The federal Environmental Protection Agency and the State Department of International Treaty Organization have been saying for a decade that this needs to be dealt with. This fall, the Army Corps of Engineers will dredge some of the toxic gunk out of the Buffalo River and next year from the old City Ship Canal, which is the body of water that runs next to the General Mills plant where they make Cheerios.

But the big work is in fixing the sewers.

Buffalo Niagara Riverkeeper is working on a project, with foundation help, to bring some sensible, proven, cost-effective green engineering to bear on our problem. It seems that engineers for the EPA discovered that preventing storm water from overflowing in the first place might make it possible for old Great Lakes and Northeast cities to clean up their water without going stone broke.
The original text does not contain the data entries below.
lemma mixing_product_le:
  fixes \<sigma> \<alpha> n \<rho> :: real
  assumes n: "n > 0" and \<sigma>: "0 \<le> \<sigma>" "\<sigma> \<le> n" and \<alpha>: "0 \<le> \<alpha>" "\<alpha> \<le> n" and \<rho>: "\<rho> \<ge> 0"
  shows "(\<sigma> / sqrt n + sqrt \<sigma> * \<rho>) * (\<alpha> / sqrt n + sqrt \<alpha> * \<rho>)
           \<le> \<sigma> * \<alpha> / n + sqrt \<sigma> * sqrt \<alpha> * (2 * \<rho> + \<rho>\<^sup>2)"
proof -
  have le_sqrt: "x / sqrt n \<le> sqrt x" if "0 \<le> x" "x \<le> n" for x
  proof -
    have "sqrt x * sqrt x \<le> sqrt x * sqrt n"
      using that by (intro mult_left_mono) auto
    then show ?thesis
      using that n by (simp add: divide_le_eq)
  qed
  have "\<sigma> / sqrt n * (sqrt \<alpha> * \<rho>) \<le> sqrt \<sigma> * (sqrt \<alpha> * \<rho>)"
    using le_sqrt[OF \<sigma>] \<alpha> \<rho> by (intro mult_right_mono) auto
  moreover have "sqrt \<sigma> * \<rho> * (\<alpha> / sqrt n) \<le> sqrt \<sigma> * \<rho> * sqrt \<alpha>"
    using le_sqrt[OF \<alpha>] \<sigma> \<rho> by (intro mult_left_mono) auto
  moreover have "\<sigma> / sqrt n * (\<alpha> / sqrt n) = \<sigma> * \<alpha> / n"
    using n by (simp add: power2_eq_square[symmetric])
  moreover have "(\<sigma> / sqrt n + sqrt \<sigma> * \<rho>) * (\<alpha> / sqrt n + sqrt \<alpha> * \<rho>)
      = \<sigma> / sqrt n * (\<alpha> / sqrt n) + \<sigma> / sqrt n * (sqrt \<alpha> * \<rho>)
        + sqrt \<sigma> * \<rho> * (\<alpha> / sqrt n) + sqrt \<sigma> * \<rho> * (sqrt \<alpha> * \<rho>)"
    by (simp only: distrib_left distrib_right add.assoc)
  moreover have "sqrt \<sigma> * sqrt \<alpha> * (2 * \<rho> + \<rho>\<^sup>2)
      = 2 * (sqrt \<sigma> * (sqrt \<alpha> * \<rho>)) + sqrt \<sigma> * \<rho> * (sqrt \<alpha> * \<rho>)"
    by (simp add: algebra_simps power2_eq_square)
  moreover have "sqrt \<sigma> * \<rho> * sqrt \<alpha> = sqrt \<sigma> * (sqrt \<alpha> * \<rho>)"
    by (simp add: mult_ac)
  ultimately show ?thesis
    by linarith
qed
lemma sum_term1_Suc:
  assumes "1 \<le> d"
  shows "(\<Sum>i\<le>Suc n. term1 d (Suc n) i) = (1 + q ^ (n + 1)) * (\<Sum>i\<le>n. term1 d n i)
     + (1 + q ^ (n + 1)) * q ^ n * qint q d * qbinom q (2 * int n) (int n + int d) / qint q n"
proof -
  have "(\<Sum>i\<le>Suc n. term1 d (Suc n) i) = (\<Sum>i=0..n. term1 d (Suc n) i)"
    by (simp add: atLeast0AtMost term1_def qbinom_eq_0)
  also have "\<dots> = (1 + q ^ (n + 1)) * (\<Sum>i=0..n. term1 d n i)
      + (cert1 d n (Suc n) - cert1 d n 0)"
    using cert1_telescopes[OF assms]
    by (intro sum_creative_telescoping) (simp_all add: algebra_simps)
  also have "cert1 d n (Suc n) - cert1 d n 0
      = (1 + q ^ (n + 1)) * q ^ n * qint q d * qbinom q (2 * int n) (int n + int d) / qint q n"
    using qbinom_symmetric[where N="2 * int n" and K="int n + int d" and q=q]
    by (simp add: cert1_def qbinom_eq_0 algebra_simps add_divide_distrib diff_divide_distrib)
  finally show ?thesis by (simp add: atLeast0AtMost)
qed

lemma sum_term2_Suc:
  assumes "d \<le> n"
  shows "(\<Sum>k=d..Suc n. term2 d (Suc n) k)
     = (1 + q ^ (n + 1))\<^sup>2 * (\<Sum>k=d..n. term2 d n k)
     + q ^ (n + 1) * qint q d * qbinom q (2 * int n + 2) (int n + 1 + int d) / qint q (n + 1)"
proof -
  have telescoped: "(\<Sum>k=d..n. term2 d (Suc n) k)
      = (1 + q ^ (n + 1))\<^sup>2 * (\<Sum>k=d..n. term2 d n k) + (cert2 d n (Suc n) - cert2 d n d)"
    using assms cert2_telescopes by (intro sum_creative_telescoping) (simp_all add: algebra_simps)
  have top: "term2 d (Suc n) (Suc n) = - cert2 d n (Suc n)"
  proof -
    have "(d choose 2) \<le> (Suc n choose 2)" using assms by (intro binomial_right_mono) simp
    then have "(Suc (Suc n) choose 2) - (d choose 2) = n + 1 + (Suc n choose 2) - (d choose 2)"
      by (simp add: numeral_2_eq_2)
    moreover have "qbinom q (2 * int (Suc n) + 1) (int (Suc n) - int (Suc n)) = 1"
      "qbinom q (2 * int n + 2) (int n + 1 + int (Suc n)) = 1"
      using qbinom_self[of "2 * int n + 2"] by (simp_all add: qbinom_0 algebra_simps)
    ultimately show ?thesis using qint_ne_0[of "n + 1"] by (simp add: term2_def cert2_def)
  qed
  have bottom: "- cert2 d n d
      = q ^ (n + 1) * qint q d * qbinom q (2 * int n + 2) (int n + 1 + int d) / qint q (n + 1)"
    by (simp add: cert2_def)
  show ?thesis
    unfolding bottom[symmetric] using assms by (simp add: telescoped top)
qed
Here’s what green-engineered stormwater management means: It means, essentially, catching the rain. Catch it in barrels under your house’s downspouts. Catch it in parking lots that have holes in them, or gravel next to them, and the water won’t run off into the gutter. Put some dirt and some grass and some plants on top of the flat roofs of big institutional buildings, or on grocery stores or suburban malls, and less rain runs into the sewer system. Dig a ditch (but these days the green engineers call them “catchment areas”) and put some pretty plants in them and then surround the ditch with a little fence to keep Rover or Junior from falling in, and that’s that much less water that runs off into the sewers, making them overflow and sending Mr. Floatie in his yellow stream into our drinking water.

That conversation about what we want on our waterfront needs to happen. Some people are already organizing public meetings for this coming fall. I vote for soccer fields on the outer harbor, a string of green spaces on the Buffalo River connected by a new bike path, and for whatever private enterprise wants to set up shop in the Erie Canal Harbor. But in the meantime, we have a pot of money, a pressing chore and an economic opportunity, too. Spending the money on cleaning up our water will put a couple of thousand people to work. Let’s do it.

Bruce Fisher is a former deputy executive for Erie County and visiting professor of economics and finance at Buffalo State College, where he directs the Center for Economic and Policy Studies.